Leading-edge Semoconductor Technology Center
- Formation: December 21, 2022; 2 years ago
- Headquarters: Chiyoda, Tokyo
- Chairman: Tetsuro Higashi
- Academic leader: Makoto Gonokami
- Website: https://www.lstc.jp/index.html

= Leading-edge Semiconductor Technology Center =

Government-funded semiconductor research organisation in Japan

The Leading-edge Semiconductor Technology Center is a semiconductor research institution based in Japan. It is funded by the Ministry of Economy, Trade and Industry and was established in December 2022.

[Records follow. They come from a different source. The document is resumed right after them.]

theorem mainTheorem9:
  fixes n :: nat and ms :: "nat list" and es :: "int list" and x :: real
  assumes "n \<ge> 1"
    and "\<forall>m \<in> set ms. m \<ge> 1"
    and "length es = length ms"
    and "set es \<subseteq> {-1, 1}"
    and "\<bar>x\<bar> < 1"
  shows "real n * itint (wword n ms es) x =
      (-1) ^ length ms * Cchain n ms es x
    + 1/2 * (\<Sum>j = 1..length ms. (-1) ^ (j - 1)
        * Mi (rev (drop (j - 1) ms)) (map uminus (qvec (drop j es)) @ [-1]) x
        * (1 - of_int (prod_list (take j es)) * (-1) ^ n)
        * Mstar n (take (j - 1) ms) (map uminus (pvec (drop 1 (take j es)))))
    + 1/2 * (\<Sum>j = 1..length ms. (-1) ^ (j - 1)
        * Mi (rev (drop (j - 1) ms)) (qvec (drop j es) @ [1]) x
        * (1 + of_int (prod_list (take j es)) * (-1) ^ n)
        * Mstar n (take (j - 1) ms) (pvec (drop 1 (take j es))))"
proof -
  have "real n * itint (wword n ms es) x = rhs x n ms es"
    using assms itint_wword_eq_eval_fps eval_word_coeffs_X_power_eq_rhs by simp
  moreover have "(*) (-1::int) = uminus" "(*) (1::int) = id"
    by auto
  ultimately show ?thesis
    unfolding rhs_def rhs_term_def by simp
qed

end
lemma dominoes_subset_atLeastAtMost:
  assumes "admissible r m n f"
  shows "dominoes r f \<subseteq> {m..n}"
proof
  fix x assume "x \<in> dominoes r f"
  then obtain i where i: "i < r" "x = f i \<or> x = f i + 1" by (rule dominoes_memE)
  have sp: "spaced r f" and "m \<le> f 0" "f (r - 1) + 1 \<le> n"
    using assms i unfolding admissible_def by auto
  moreover have "f 0 \<le> f i" "f i + 2 * (r - 1 - i) \<le> f (r - 1)"
    using spaced_mono[OF sp, of 0 i] spaced_mono[OF sp, of i "r - 1"] i by auto
  ultimately show "x \<in> {m..n}" using i by auto
qed

lemma dominoes_in_dom_fam_iff:
  assumes "spaced r f"
  shows "dominoes r f \<in> dom_fam r m n \<longleftrightarrow> admissible r m n f"
proof
  assume "dominoes r f \<in> dom_fam r m n"
  then obtain g where g: "admissible r m n g" "dominoes r f = dominoes r g"
    using dom_fam_iff by blast
  then have "\<And>t. t < r \<Longrightarrow> f t = g t"
    using dominoes_inject[OF assms admissible_spaced] by blast
  then show "admissible r m n f" using admissible_cong g(1) by blast
qed (auto simp: dom_fam_iff)

lemma admissible_if_le:
  assumes "admissible r m n g" "spaced r f" "0 < r \<Longrightarrow> m \<le> f 0" "\<forall>t<r. f t \<le> g t"
  shows "admissible r m n f"
  using assms unfolding admissible_def by (metis diff_less le_trans less_numeral_extra(1) add_le_mono1)

lemma admissible_drop:
  assumes "admissible k m n f" "l \<le> k" "l < k \<Longrightarrow> m' \<le> f l"
  shows "admissible (k - l) m' n (\<lambda>t. f (t + l))"
  unfolding admissible_def spaced_def
proof (intro conjI impI allI)
  assume "0 < k - l"
  then show "m' \<le> f (0 + l)" using assms(3) by simp
  have "k - l - 1 + l = k - 1" using \<open>0 < k - l\<close> by simp
  then show "f (k - l - 1 + l) + 1 \<le> n" using assms(1) \<open>0 < k - l\<close> unfolding admissible_def by simp
next
  fix i assume "i + 1 < k - l"
  then have "f (i + l) + 2 \<le> f (i + l + 1)"
    using assms(1) unfolding admissible_def spaced_def by simp
  then show "f (i + l) + 2 \<le> f (i + 1 + l)" by (simp add: ac_simps)
qed

lemma dominoes_split:
  assumes "l \<le> k"
  shows "dominoes k f = dominoes l f \<union> dominoes (k - l) (\<lambda>t. f (t + l))"
proof -
  have "{..<k} = {..<l} \<union> (\<lambda>t. t + l) ` {..<k - l}"
  proof (intro equalityI subsetI)
    fix x assume "x \<in> {..<k}"
    then show "x \<in> {..<l} \<union> (\<lambda>t. t + l) ` {..<k - l}"
      by (cases "x < l") (auto intro!: image_eqI[of _ _ "x - l"])
  qed (use assms in auto)
  then show ?thesis unfolding dominoes_def by auto
qed

lemma dominoes_run:
  assumes "1 \<le> l" "\<forall>t<l. f t = i + 2 * t"
  shows "dominoes l f = {i..i + 2 * l - 1}"
proof (intro equalityI subsetI)
  fix x assume "x \<in> {i..i + 2 * l - 1}"
  then have "(x - i) div 2 < l" "x = f ((x - i) div 2) \<or> x = f ((x - i) div 2) + 1"
    using assms by auto
  then show "x \<in> dominoes l f" by (rule dominoes_memI)
qed (use assms in \<open>auto simp: dominoes_def\<close>)

lemma dominoes_run_split:
  assumes "1 \<le> l" "l \<le> k" "\<forall>t<l. f t = i + 2 * t"
  shows "dominoes k f = {i..i + 2 * l - 1} \<union> dominoes (k - l) (\<lambda>t. f (t + l))"
  using dominoes_split[OF assms(2)] dominoes_run[OF assms(1,3)] by simp

definition with_run :: "nat \<Rightarrow> nat \<Rightarrow> (nat \<Rightarrow> nat) \<Rightarrow> nat \<Rightarrow> nat" where
  "with_run j l h = (\<lambda>t. if t < l then j + 2 * t else h (t - l))"

lemma with_run_0 [simp]: "1 \<le> l \<Longrightarrow> with_run j l h 0 = j"
  by (simp add: with_run_def)

lemma dominoes_with_run:
  assumes "1 \<le> l" "l \<le> k"
  shows "dominoes k (with_run j l h) = {j..j + 2 * l - 1} \<union> dominoes (k - l) h"
  using dominoes_split[OF assms(2), of "with_run j l h"] dominoes_run[OF assms(1), of "with_run j l h" j]
  by (simp add: with_run_def)

lemma spaced_with_run:
  assumes "spaced (k - l) h" "l < k \<Longrightarrow> j + 2 * l \<le> h 0"
  shows "spaced k (with_run j l h)"
  unfolding spaced_def
proof (intro allI impI)
  fix i assume i: "i + 1 < k"
  consider "i + 1 < l" | "i + 1 = l" | "l \<le> i" by linarith
  then show "with_run j l h i + 2 \<le> with_run j l h (i + 1)"
  proof cases
    case 3
    then have "(i - l) + 1 < k - l" "i + 1 - l = (i - l) + 1" using i by auto
    then show ?thesis using assms(1) 3 unfolding spaced_def with_run_def by auto
  qed (use assms(2) i in \<open>auto simp: with_run_def\<close>)
qed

The organisation's primary goal as of 2024 is to establish a domestic semiconductor industry ecosystem by developing design, device, manufacturing, and equipment/material technologies for product realisation in collaboration with domestic and international institutions, using the 2 nm process node manufacturing technology and pilot line under development with short TAT (turnaround time). In February 2024, it was announced that the organisation would receive an additional 45 billion yen research grant from the Ministry of Economy, Trade, and Industry.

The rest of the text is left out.